**Work request**: Stop after the line containing "unfolding euclidean_inner[of s"; retype every line of the data before it exactly, starting from the first.

[Saved entries]
● ● ● ●

lemma inner_vertex_velocity_facet:
  assumes s: "s \<in> sign_vectors" and "s \<bullet> v = l1_norm v"
  shows "s \<bullet> vertex_velocity = common_mass
    + same_sign_speed * card same_sign_coords + opposite_sign_speed * card opposite_sign_coords"
  using vertex_velocity_facet_coordinate[OF assms]
  unfolding euclidean_inner[of s vertex_velocity] common_mass_def
  by (simp add: sum.distrib sum_if_mem_const same_sign_coords_subset opposite_sign_coords_subset)

lemma vertex_velocity_translated_facet_coordinate:
  assumes s: "s \<in> sign_vectors" and tight: "s \<bullet> (v - z) = l1_norm (v - z)" and i: "i \<in> Basis"
  shows "(s \<bullet> i) * (vertex_velocity \<bullet> i - z \<bullet> i) =
    - (sgn (v \<bullet> i - z \<bullet> i) * (z \<bullet> i))
    + (if i \<in> same_sign_coords then same_sign_speed else 0)
    - (if i \<in> opposite_sign_coords then opposite_sign_speed else 0)"
proof (cases "v \<bullet> i = z \<bullet> i")
  case True
  then have "vertex_velocity \<bullet> i = z \<bullet> i" "i \<notin> same_sign_coords" "i \<notin> opposite_sign_coords"
    using i by (simp_all add: vertex_velocity_coordinate same_sign_coords_def opposite_sign_coords_def)
  with True show ?thesis
    by simp
next
  case False
  with i have s_i: "s \<bullet> i = sgn (v \<bullet> i - z \<bullet> i)"
    using sign_vector_coordinate_eq_sgn[OF s tight i] by (simp add: inner_diff_left)
  consider "v \<bullet> i = 0" | "0 < (v \<bullet> i) * (v \<bullet> i - z \<bullet> i)" | "(v \<bullet> i) * (v \<bullet> i - z \<bullet> i) < 0"
    using False by (metis less_linear mult_eq_0_iff right_minus_eq)
  then show ?thesis
  proof cases
    case 1
    then have "vertex_velocity \<bullet> i = 0" "i \<notin> same_sign_coords" "i \<notin> opposite_sign_coords"
      using i by (simp_all add: vertex_velocity_coordinate same_sign_coords_def opposite_sign_coords_def)
    then show ?thesis
      by (simp add: s_i algebra_simps)
  next
    case 2
    then have "v \<bullet> i \<noteq> 0" "sgn (v \<bullet> i - z \<bullet> i) * sgn (v \<bullet> i) = 1"
      by (auto simp: zero_less_mult_iff sgn_if)
    with 2 False i show ?thesis
      by (simp add: vertex_velocity_coordinate same_sign_coords_def opposite_sign_coords_def
          s_i right_diff_distrib mult.assoc[symmetric])
  next
    case 3
    then have "v \<bullet> i \<noteq> 0" "sgn (v \<bullet> i - z \<bullet> i) * sgn (v \<bullet> i) = -1"
      by (auto simp: mult_less_0_iff sgn_if)
    with 3 False i show ?thesis
      by (simp add: vertex_velocity_coordinate same_sign_coords_def opposite_sign_coords_def
          s_i right_diff_distrib mult.assoc[symmetric])
  qed
qed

● ● ● ●

**Exercise response**:
lemma inner_vertex_velocity_facet:
  assumes s: "s \<in> sign_vectors" and "s \<bullet> v = l1_norm v"
  shows "s \<bullet> vertex_velocity = common_mass
    + same_sign_speed * card same_sign_coords + opposite_sign_speed * card opposite_sign_coords"
  using vertex_velocity_facet_coordinate[OF assms]
  unfolding euclidean_inner[of s vertex_velocity] common_mass_def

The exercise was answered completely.